Can std::cout print "NULL" instead of 0 when printing a null pointer?

Question

Can std::cout print "NULL" instead of 0 when printing a null pointer?? I can write a simple if statement like

if(pointer == nullptr)
  std::cout << "NULL";

But can I get the same result without using an if statement?

Answer 1

You can't really escape using an if statement, but you can make it into a one-liner with the ternary operator: (p == NULL ? std::cout << "NULL" : std::cout << p);

#include <iostream>

int main() {
  void *p = NULL;
  (p == NULL ? std::cout << "NULL" : std::cout << p);
  std::cout << std::endl;

  p = new int;
  (p == NULL ? std::cout << "NULL" : std::cout << p);
  std::cout << std::endl;
}

Demo

Answer 2

You could make use of the ternary operator, ?.

pointer ? std::cout << pointer : std::cout << "NULL";

or with the gnu c++ compiler extension IF your pointer is a char*

std::cout << (pointer ?: "NULL");

granted that the second way will not work on all compilers because it is not officially part of the language.

I do not believe that there is an equivalent to std::boolalpha for pointers.

[EDIT]

As pointed out by @seleciii44, in the stack overflow post here, you can write your own overloaded stream insertion operator

std::ostream & operator<<(std::ostream &s, std::nullptr_t)
{
    return s << "nullptr";
}

Answer 3

I can think of 2 ways.

1) The clear way: use ternary operator (?:)

    cout<<((ptr)?"":"NULL\n");

2) The nasty way, if you really don't want to use any conditional statements.

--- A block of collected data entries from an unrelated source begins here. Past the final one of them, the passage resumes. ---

text \<open>Median key of the leaf receiving pi i at time i: the (m+1)-th smallest among the leaf's
  keys together with pi i (this is the key pushed up when the leaf splits).\<close>
definition median_key :: "nat \<Rightarrow> (nat \<Rightarrow> nat) \<Rightarrow> nat \<Rightarrow> nat" where
  "median_key m \<pi> i = insort (\<pi> i) (leaf_keys (btree_hist m \<pi> (i - 1)) (\<pi> i)) ! m"

text \<open>Ext is an unoccupied slot (external vertex); HV l cs is a vertex labelled l with
  child slots cs (two slots [left, right] at a branching, one slot otherwise).\<close>
datatype htree = Ext | HV nat "htree list"

definition branching_height :: "nat \<Rightarrow> nat \<Rightarrow> bool" where
  "branching_height m h \<longleftrightarrow> 2*m \<le> h \<and> (h - 2*m) mod (m+1) = 0"

definition arity :: "nat \<Rightarrow> nat \<Rightarrow> nat" where
  "arity m h = (if branching_height m h then 2 else 1)"

fun nexts :: "htree \<Rightarrow> nat" where
  "nexts Ext = 1"
| "nexts (HV l ts) = sum_list (map nexts ts)"

text \<open>place m h t i l: put a vertex labelled l at the i-th (0-based) external vertex of t,
  where the root of t is at height h.\<close>
fun place :: "nat \<Rightarrow> nat \<Rightarrow> htree \<Rightarrow> nat \<Rightarrow> nat \<Rightarrow> htree"
and place_list :: "nat \<Rightarrow> nat \<Rightarrow> htree list \<Rightarrow> nat \<Rightarrow> nat \<Rightarrow> htree list" where
  "place m h Ext i l = HV l (replicate (arity m h) Ext)"
| "place m h (HV l' ts) i l = HV l' (place_list m (Suc h) ts i l)"
| "place_list m h [] i l = []"
| "place_list m h (t # ts) i l =
     (if i < nexts t then place m h t i l # ts else t # place_list m h ts (i - nexts t) l)"

text \<open>Phi: the historic tree of the history produced by the first k keys
  (hist 0 is the empty tree with a single external vertex; hist 1 is the one-vertex tree).\<close>
fun hist :: "nat \<Rightarrow> (nat \<Rightarrow> nat) \<Rightarrow> nat \<Rightarrow> htree" where
  "hist m \<pi> 0 = Ext"
| "hist m \<pi> (Suc k) =
     place m 0 (hist m \<pi> k) (leaf_index (btree_hist m \<pi> k) (\<pi> (Suc k))) (Suc k)"

text \<open>Subtree at a path of child-slot indices (root = []).\<close>
fun subt :: "htree \<Rightarrow> nat list \<Rightarrow> htree" where
  "subt t [] = t"
| "subt Ext (c # p) = Ext"
| "subt (HV l ts) (c # p) = (if c < length ts then subt (ts ! c) p else Ext)"

definition vertex_at :: "htree \<Rightarrow> nat list \<Rightarrow> nat \<Rightarrow> bool" where
  "vertex_at H p l \<longleftrightarrow> (\<exists>ts. subt H p = HV l ts)"

definition is_branching :: "nat \<Rightarrow> htree \<Rightarrow> nat \<Rightarrow> bool" where
  "is_branching m H l \<longleftrightarrow> (\<exists>p. vertex_at H p l \<and> branching_height m (length p))"

fun common_prefix :: "nat list \<Rightarrow> nat list \<Rightarrow> nat list" where
  "common_prefix (a # as) (b # bs) = (if a = b then a # common_prefix as bs else [])"
| "common_prefix _ _ = []"

text \<open>Vertex j is to the right of the branching i: j is in the subtree of the right child (slot 1)
  of i, or j is not a descendant of i and j is in the subtree of the right child of the lowest
  common ancestor w of i and j.\<close>
definition right_of :: "htree \<Rightarrow> nat \<Rightarrow> nat \<Rightarrow> bool" where
  "right_of H i j \<longleftrightarrow> (\<exists>p q. vertex_at H p i \<and> vertex_at H q j \<and>
      (prefix (p @ [1]) q \<or>
       (\<not> prefix p q \<and> prefix (common_prefix p q @ [1]) q)))"

end

theory Submission
  imports Defs
begin

text \<open>
  Flatten a B-tree into the in-order sequence of its leaves and separating keys. Inserting a key
  changes this sequence only locally: the receiving leaf is replaced by itself plus the key or, if
  that overflows, by two leaves around its median, while splits further up merely regroup the
  sequence. Meanwhile \<open>hist\<close> places the new vertex at the external vertex with the same index,
  and by induction the leaves of \<open>T\<^sub>t\<close> correspond left to right to the external vertices of
  \<open>H\<^sub>t\<close>, the size of a leaf being determined by the height of its external vertex; so a leaf
  overflows exactly when its external vertex is at a branching height.

  Hence the median \<open>K\<^sub>i\<close> pushed up at time \<open>i\<close> remains a separator from then on, and the
  separators up to \<open>K\<^sub>i\<close> are as many as the external vertices left of the right child of \<open>i\<close>.
  A later key \<open>\<pi> j\<close> lands in the leaf at the external vertex where \<open>j\<close> is placed, so it, and
  the median \<open>K\<^sub>j\<close> of that leaf, is smaller than \<open>K\<^sub>i\<close> exactly when \<open>j\<close> is placed left of
  the right child of \<open>i\<close>, that is, when \<open>j\<close> is not to the right of \<open>i\<close>.
\<close>

section \<open>In-order flattening of B-trees\<close>

datatype flat_item = Lf "nat list" | Sep nat

fun flatten :: "btree \<Rightarrow> flat_item list"
  and flatten_list :: "btree list \<Rightarrow> nat list \<Rightarrow> flat_item list" where
  "flatten (Leaf ks) = [Lf ks]"
| "flatten (Node ks ts) = flatten_list ts ks"
| "flatten_list [] ks = []"
| "flatten_list [t] [] = flatten t"
| "flatten_list (t # ts) (k # ks) = flatten t @ Sep k # flatten_list ts ks"
| "flatten_list (t # t' # ts) [] = []"

fun item_keys :: "flat_item list \<Rightarrow> nat list" where
  "item_keys [] = []"
| "item_keys (Lf ks # F) = ks @ item_keys F"
| "item_keys (Sep k # F) = k # item_keys F"

fun item_leaves :: "flat_item list \<Rightarrow> nat list list" where
  "item_leaves [] = []"
| "item_leaves (Lf ks # F) = ks # item_leaves F"
| "item_leaves (Sep k # F) = item_leaves F"

fun item_seps :: "flat_item list \<Rightarrow> nat list" where
  "item_seps [] = []"
| "item_seps (Lf ks # F) = item_seps F"
| "item_seps (Sep k # F) = k # item_seps F"

abbreviation btree_keys :: "btree \<Rightarrow> nat list" where
  "btree_keys t \<equiv> item_keys (flatten t)"

abbreviation btree_leaves :: "btree \<Rightarrow> nat list list" where
  "btree_leaves t \<equiv> item_leaves (flatten t)"

abbreviation btree_seps :: "btree \<Rightarrow> nat list" where
  "btree_seps t \<equiv> item_seps (flatten t)"

lemma item_keys_append [simp]: "item_keys (F @ G) = item_keys F @ item_keys G"
  by (induction F rule: item_keys.induct) auto

lemma item_leaves_append [simp]: "item_leaves (F @ G) = item_leaves F @ item_leaves G"
  by (induction F rule: item_leaves.induct) auto

lemma item_seps_append [simp]: "item_seps (F @ G) = item_seps F @ item_seps G"
  by (induction F rule: item_seps.induct) auto

lemma set_item_seps_subset: "set (item_seps F) \<subseteq> set (item_keys F)"
  by (induction F rule: item_seps.induct) auto

fun wf_btree :: "btree \<Rightarrow> bool" where
  "wf_btree (Leaf ks) = True"
| "wf_btree (Node ks ts) = (length ts = Suc (length ks) \<and> (\<forall>t\<in>set ts. wf_btree t))"

fun flatten_res :: "ires \<Rightarrow> flat_item list" where
  "flatten_res (Done t) = flatten t"
| "flatten_res (Up l k r) = flatten l @ Sep k # flatten r"

fun wf_res :: "ires \<Rightarrow> bool" where
  "wf_res (Done t) = wf_btree t"
| "wf_res (Up l k r) = (wf_btree l \<and> wf_btree r)"

lemma flatten_list_append:
  "length ts = length ks \<Longrightarrow>
   flatten_list (ts @ us) (ks @ ls) = flatten_list ts ks @ flatten_list us ls"
  by (induction ts ks rule: list_induct2) auto

lemma flatten_list_Cons:
  "length ts = length ks \<Longrightarrow>
   flatten_list (t # ts) ks = flatten t @ (case ks of [] \<Rightarrow> [] | k # ks' \<Rightarrow> Sep k # flatten_list ts ks')"
  by (cases ks; cases ts) auto

lemma flatten_list_shape:
  assumes "length ks \<le> length ts" "length ts \<le> Suc (length ks)"
  shows "item_leaves (flatten_list ts ks) = concat (map btree_leaves ts)"
    and "length (item_seps (flatten_list ts ks)) = (\<Sum>t\<leftarrow>ts. length (btree_seps t)) + length ks"
    and "set ks \<subseteq> set (item_keys (flatten_list ts ks))"
  using assms
proof (induction ks arbitrary: ts)
  case Nil
  { case 1 then show ?case by (cases ts) auto
  next case 2 then show ?case by (cases ts) auto
  next case 3 then show ?case by simp }
next
  case (Cons k ks)
  { case 1 then show ?case using Cons.IH(1) by (cases ts) auto
  next case 2 then show ?case using Cons.IH(2) by (cases ts) auto
  next case 3 then show ?case using Cons.IH(3) by (cases ts) auto }
qed

lemma length_btree_leaves:
  "wf_btree t \<Longrightarrow> length (btree_leaves t) = nleaves t \<and> length (btree_leaves t) = Suc (length (btree_seps t))"
proof (induction t)
  case (Leaf ks)
  then show ?case by simp
next
  case (Node ks ts)
  have len: "length ts = Suc (length ks)"
    using Node.prems by simp
  have IH1: "length (btree_leaves t) = nleaves t"
    and IH2: "length (btree_leaves t) = Suc (length (btree_seps t))" if "t \<in> set ts" for t
    using Node.IH[OF that] Node.prems that by simp_all
  have leaves: "btree_leaves (Node ks ts) = concat (map btree_leaves ts)"
    using flatten_list_shape(1)[of ks ts] len by simp
  have "length (btree_leaves (Node ks ts)) = (\<Sum>t\<leftarrow>ts. nleaves t)"
    using IH1 unfolding leaves by (simp add: length_concat comp_def cong: map_cong)
  moreover have "length (btree_leaves (Node ks ts)) = (\<Sum>t\<leftarrow>ts. Suc (length (btree_seps t)))"
    using IH2 unfolding leaves by (simp add: length_concat comp_def cong: map_cong)
  moreover have "(\<Sum>t\<leftarrow>ts. Suc (length (btree_seps t))) = (\<Sum>t\<leftarrow>ts. length (btree_seps t)) + length ts"
    by (rule sum_list_Suc)
  ultimately show ?case
    using flatten_list_shape(2)[of ks ts] len by simp
qed

section \<open>Locality of insertion\<close>

definition flatten_before :: "btree list \<Rightarrow> nat list \<Rightarrow> nat \<Rightarrow> flat_item list" where
  "flatten_before ts ks c = flatten_list (take c ts) (take c ks)"

definition flatten_after :: "btree list \<Rightarrow> nat list \<Rightarrow> nat \<Rightarrow> flat_item list" where
  "flatten_after ts ks c =
     (case drop c ks of [] \<Rightarrow> [] | k # ks' \<Rightarrow> Sep k # flatten_list (drop (Suc c) ts) ks')"

lemma flatten_list_update:
  assumes "length ts = Suc (length ks)" "c < length ts"
  shows "flatten_list (ts[c := t]) ks = flatten_before ts ks c @ flatten t @ flatten_after ts ks c"
proof -
  have "flatten_list (take c ts @ t # drop (Suc c) ts) (take c ks @ drop c ks) =
        flatten_before ts ks c @ flatten_list (t # drop (Suc c) ts) (drop c ks)"
    unfolding flatten_before_def using assms by (intro flatten_list_append) simp
  moreover have "flatten_list (t # drop (Suc c) ts) (drop c ks) = flatten t @ flatten_after ts ks c"
    unfolding flatten_after_def using assms by (intro flatten_list_Cons) simp
  ultimately show ?thesis
    using assms by (simp add: upd_conv_take_nth_drop)
qed

lemma flatten_list_insert:
  assumes "length ts = Suc (length ks)" "c < length ts"
  shows "flatten_list (take c ts @ l # r # drop (Suc c) ts) (take c ks @ k # drop c ks) =
         flatten_before ts ks c @ flatten l @ Sep k # flatten r @ flatten_after ts ks c"
proof -
  have "flatten_list (take c ts @ l # r # drop (Suc c) ts) (take c ks @ k # drop c ks) =
        flatten_before ts ks c @ flatten_list (l # r # drop (Suc c) ts) (k # drop c ks)"
    unfolding flatten_before_def using assms by (intro flatten_list_append) simp
  moreover have "flatten_list (r # drop (Suc c) ts) (drop c ks) = flatten r @ flatten_after ts ks c"
    unfolding flatten_after_def using assms by (intro flatten_list_Cons) simp
  ultimately show ?thesis by simp
qed

lemma flatten_list_split:
  assumes "length ts = Suc (length ks)" "i < length ks"
  shows "flatten_list ts ks = flatten_list (take (Suc i) ts) (take i ks) @
           Sep (ks ! i) # flatten_list (drop (Suc i) ts) (drop (Suc i) ks)"
proof -
  have "flatten_list ts ks = flatten_before ts ks i @ flatten (ts ! i) @ flatten_after ts ks i"
    using flatten_list_update[OF assms(1), of i "ts ! i"] assms by simp
  moreover have "flatten_list (take i ts @ [ts ! i]) (take i ks @ []) = flatten_before ts ks i @ flatten (ts ! i)"
    unfolding flatten_before_def using assms by (subst flatten_list_append) auto
  moreover have "take (Suc i) ts = take i ts @ [ts ! i]"
    using assms by (simp add: take_Suc_conv_app_nth)
  moreover have "drop i ks = ks ! i # drop (Suc i) ks"
    using assms by (simp add: Cons_nth_drop_Suc)
  ultimately show ?thesis
    using assms by (simp add: flatten_after_def)
qed

lemma flatten_res_node_res:
  assumes len: "length ts = Suc (length ks)" and wf: "\<forall>t\<in>set ts. wf_btree t"
    and c: "c < length ts" and res: "wf_res res"
  shows "flatten_res (node_res m ks ts c res) = flatten_before ts ks c @ flatten_res res @ flatten_after ts ks c
         \<and> wf_res (node_res m ks ts c res)"
proof (cases res)
  case (Done t)
  then show ?thesis
    using flatten_list_update[OF len c] len wf res c
    by (auto simp: node_res_def dest: set_update_subset_insert[THEN subsetD])
next
  case (Up l k r)
  define ks' where "ks' = take c ks @ k # drop c ks"
  define ts' where "ts' = take c ts @ l # r # drop (Suc c) ts"
  have len': "length ts' = Suc (length ks')"
    unfolding ks'_def ts'_def using len c by simp
  have flat': "flatten_list ts' ks' = flatten_before ts ks c @ flatten_res res @ flatten_after ts ks c"
    unfolding ks'_def ts'_def using flatten_list_insert[OF len c] Up by simp
  have wf': "\<forall>t\<in>set ts'. wf_btree t"
    unfolding ts'_def using wf res Up by (auto dest: in_set_takeD in_set_dropD)
  show ?thesis
  proof (cases "length ks' \<le> 2*m")
    case True
    then show ?thesis
      using Up flat' len' wf' by (simp add: node_res_def ks'_def ts'_def)
  next
    case False
    then have m_less: "m < length ks'" by simp
    show ?thesis
      using Up False flat' flatten_list_split[OF len' m_less] len' wf'
      by (simp add: node_res_def Let_def flip: ks'_def ts'_def) (auto dest: in_set_takeD in_set_dropD)
  qed
qed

    cout<<&("NULL"[4*(!!ptr)]);

Why it works ?

!!ptr will set the value of ptr to 0 or 1 based on its value.

If it is null cout will see the char* starting from 0 index and will print "NULL", otherwise it will see it from index 4 and will print the terminating char.

This a very bad way as nullptr may be implementation defined and may be not portable.